May 26, 2011 11:22 GMT  ·  By

Trend Micro researchers are backing up anti-malware experts from Sophos in claiming that Microsoft's recently published SmartScreen numbers are of little relevance and might actually lead to a false sense of security.

Starting with Internet Explorer 9 Microsoft has added an application reputation component to the browser's already existent SmartScreen filter.

The SmartScreen technology was originally introduced in Internet Explorer 7 as a malicious URL blocking feature and, according to the browser vendor, it has blocked 160 million phishing pages and 1.5 billion malware distribution sites so far.

Microsoft claims that IE's new app reputation filter kicks in immediately when a new attack is launched, unlike traditional antivirus signatures that start appearing after the eleventh hour.

The company says that SmartScreen warnings only appear for one in ten downloads and that one in fourteen downloaded files ultimately confirmed as malware.

Last week, Chester Wisniewski, a senior security advisor at Sophos, expressed several concerns about the numbers released by Microsoft to outline the success of IE9's app reputation feature.

As the security expert points out, there's a big problem with these statistics.

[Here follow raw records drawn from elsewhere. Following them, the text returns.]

lemma integral_exp_minus_one_minus_mult_Z_le:
  assumes "0 \<le> c" "c \<le> lam"
  shows "(\<integral>x. exp (c * Z x) - 1 - c * Z x \<partial>M) \<le> c\<^sup>2 * (\<integral>x. (exp (lam * Z x) - 1 - lam * Z x) / lam\<^sup>2 \<partial>M)"
proof -
  have "(\<integral>x. exp (c * Z x) - 1 - c * Z x \<partial>M) \<le> (\<integral>x. (c / lam)\<^sup>2 * (exp (lam * Z x) - 1 - lam * Z x) \<partial>M)"
  proof (rule integral_mono_AE)
    show "integrable M (\<lambda>x. exp (c * Z x) - 1 - c * Z x)"
      using assms by (rule integrable_exp_minus_one_minus_mult_Z)
    show "integrable M (\<lambda>x. (c / lam)\<^sup>2 * (exp (lam * Z x) - 1 - lam * Z x))"
      using integrable_exp_minus_one_minus_mult_Z[of lam] lam_pos by simp
    have "exp (c / lam * (lam * z)) - 1 - c / lam * (lam * z) \<le> (c / lam)\<^sup>2 * (exp (lam * z) - 1 - lam * z)"
      if "0 \<le> z" for z
      using assms lam_pos that by (intro exp_minus_one_minus_self_scale_le) auto
    then show "AE x in M. exp (c * Z x) - 1 - c * Z x \<le> (c / lam)\<^sup>2 * (exp (lam * Z x) - 1 - lam * Z x)"
      using Z_nonneg lam_pos by (auto intro!: AE_I2)
  qed
  also have "\<dots> = c\<^sup>2 * (\<integral>x. (exp (lam * Z x) - 1 - lam * Z x) / lam\<^sup>2 \<partial>M)"
    by (simp add: power_divide)
  finally show ?thesis .
qed

lemma AE_nn_cond_exp_le_integral:
  assumes "mono g" "\<And>u. g u \<ge> 0" "continuous_on UNIV g"
    and "integrable M (\<lambda>x. g (Z x + 1))"
  shows "AE x in M. nn_cond_exp M G (\<lambda>y. ennreal (g (\<bar>X y\<bar> / a))) x \<le> ennreal (\<integral>x. g (Z x) \<partial>M)"
proof (rule AE_nn_cond_exp_le_integral_if_cond_tail[OF subalg _ Z_measurable _ Z_nonneg _ assms])
  show "AE x in M. real_cond_exp M G (indicator {y\<in>space M. z \<le> \<bar>X y\<bar> / a}) x \<le> measure M {y\<in>space M. z \<le> Z y}"
    if "0 \<le> z" for z
    using cond_tail[OF that] a_pos by (simp add: le_divide_eq mult.commute)
qed (use a_pos in auto)

lemma AE_nn_cond_exp_exp_abs_le:
  assumes "0 < \<eta>" "a * \<eta> \<le> lam"
  shows "AE x in M. nn_cond_exp M G (\<lambda>y. ennreal (exp (\<eta> * \<bar>X y\<bar>))) x \<le> ennreal (\<integral>x. exp (lam * Z x) \<partial>M)"
proof -
  define c where "c = a * \<eta>"
  have c: "0 \<le> c" "c \<le> lam" using assms a_pos by (auto simp: c_def)
  have "AE x in M. nn_cond_exp M G (\<lambda>y. ennreal (exp (c * (\<bar>X y\<bar> / a)))) x \<le> ennreal (\<integral>x. exp (c * Z x) \<partial>M)"
    using c integrable_exp_mult_Z[OF c]
    by (intro AE_nn_cond_exp_le_integral) (auto simp: distrib_left exp_add intro!: monoI mult_left_mono continuous_intros)
  moreover have "(\<integral>x. exp (c * Z x) \<partial>M) \<le> (\<integral>x. exp (lam * Z x) \<partial>M)"
    using c Z_nonneg integrable_exp_mult_Z[OF c]
    by (intro integral_mono_AE integrable_exp_Z) (auto intro!: AE_I2 mult_right_mono)
  ultimately show ?thesis
    using a_pos by (auto simp: c_def elim!: eventually_mono intro: order_trans)
qed

lemma AE_nn_cond_exp_exp_minus_one_minus_abs_le:
  assumes "0 < \<eta>" "a * \<eta> \<le> lam"
  shows "AE x in M. nn_cond_exp M G (\<lambda>y. ennreal (exp (\<eta> * \<bar>X y\<bar>) - 1 - \<eta> * \<bar>X y\<bar>)) x
    \<le> ennreal (a\<^sup>2 * \<eta>\<^sup>2 * (\<integral>x. (exp (lam * Z x) - 1 - lam * Z x) / lam\<^sup>2 \<partial>M))"
proof -
  define c where "c = a * \<eta>"
  have c: "0 \<le> c" "c \<le> lam" using assms a_pos by (auto simp: c_def)
  \<comment> \<open>\<open>exp u - 1 - u\<close> is monotone only for \<open>u \<ge> 0\<close>\<close>
  define g where "g u = exp (c * max u 0) - 1 - c * max u 0" for u
  have "mono g"
  proof (rule monoI)
    fix u v :: real assume "u \<le> v"
    then have "c * max u 0 \<le> c * max v 0" using c by (intro mult_left_mono) auto
    then show "g u \<le> g v" unfolding g_def using c by (intro exp_minus_one_minus_self_mono) auto
  qed
  moreover have "g u \<ge> 0" for u
    unfolding g_def by (rule exp_minus_one_minus_self_nonneg)
  moreover have "continuous_on UNIV g"
    unfolding g_def by (intro continuous_intros)
  moreover have "integrable M (\<lambda>x. g (Z x + 1))"
  proof (rule Bochner_Integration.integrable_bound[OF integrable_mult_right[OF integrable_exp_mult_Z[OF c], of "exp c"]])
    show "AE x in M. norm (g (Z x + 1)) \<le> norm (exp c * exp (c * Z x))"
    proof (rule AE_I2)
      fix x assume "x \<in> space M"
      then have "0 \<le> c * (Z x + 1)" using Z_nonneg c by simp
      then have "g (Z x + 1) \<le> exp (c * (Z x + 1))"
        using \<open>x \<in> space M\<close> Z_nonneg by (simp add: g_def max_absorb1)
      also have "\<dots> = exp c * exp (c * Z x)" by (simp add: algebra_simps flip: exp_add)
      finally show "norm (g (Z x + 1)) \<le> norm (exp c * exp (c * Z x))"
        using exp_minus_one_minus_self_nonneg by (simp add: g_def)
    qed
  qed (simp add: g_def)
  ultimately have "AE x in M. nn_cond_exp M G (\<lambda>y. ennreal (g (\<bar>X y\<bar> / a))) x \<le> ennreal (\<integral>x. g (Z x) \<partial>M)"
    by (rule AE_nn_cond_exp_le_integral)
  moreover have "g (\<bar>X y\<bar> / a) = exp (\<eta> * \<bar>X y\<bar>) - 1 - \<eta> * \<bar>X y\<bar>" for y
    using a_pos by (simp add: g_def c_def)
  moreover have "(\<integral>x. g (Z x) \<partial>M) = (\<integral>x. exp (c * Z x) - 1 - c * Z x \<partial>M)"
    using Z_nonneg by (intro Bochner_Integration.integral_cong) (simp_all add: g_def max_absorb1)
  moreover note integral_exp_minus_one_minus_mult_Z_le[OF c]
  ultimately show ?thesis
    by (auto simp: c_def power_mult_distrib elim!: eventually_mono intro: order_trans ennreal_leI)
qed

They lack comparison with other, more prevalent, web infection vectors like drive-by downloads.

Drive-by download attacks occur when websites exploit vulnerabilities in plug-ins like Java, Flash or Adobe Reader to install malware on computers. In these cases, the browser has no control over the downloads.

"While we cannot comment on the exact methodology used in Microsoft’s own tests, we have to agree with Sophos’ questioning of the rather surprising results Microsoft published," said Martin Roesler, director for threat research at Trend Micro.

Mr. Roesler published a chart from the company's own internal benchmark testing which shows IE9 blocking a little over 5% of malicious URLs thrown at it. In comparison, Sophos blocked over 30%, Kaspersky Lab around 50% and Trend Micro close to 70%.

The main problem with this is not that IE9's reputation filter is not a good layer of security, because every bit helps, but that flaunting it as great web malware blocking technology when it's not, might give IE9 users a false sense of protection.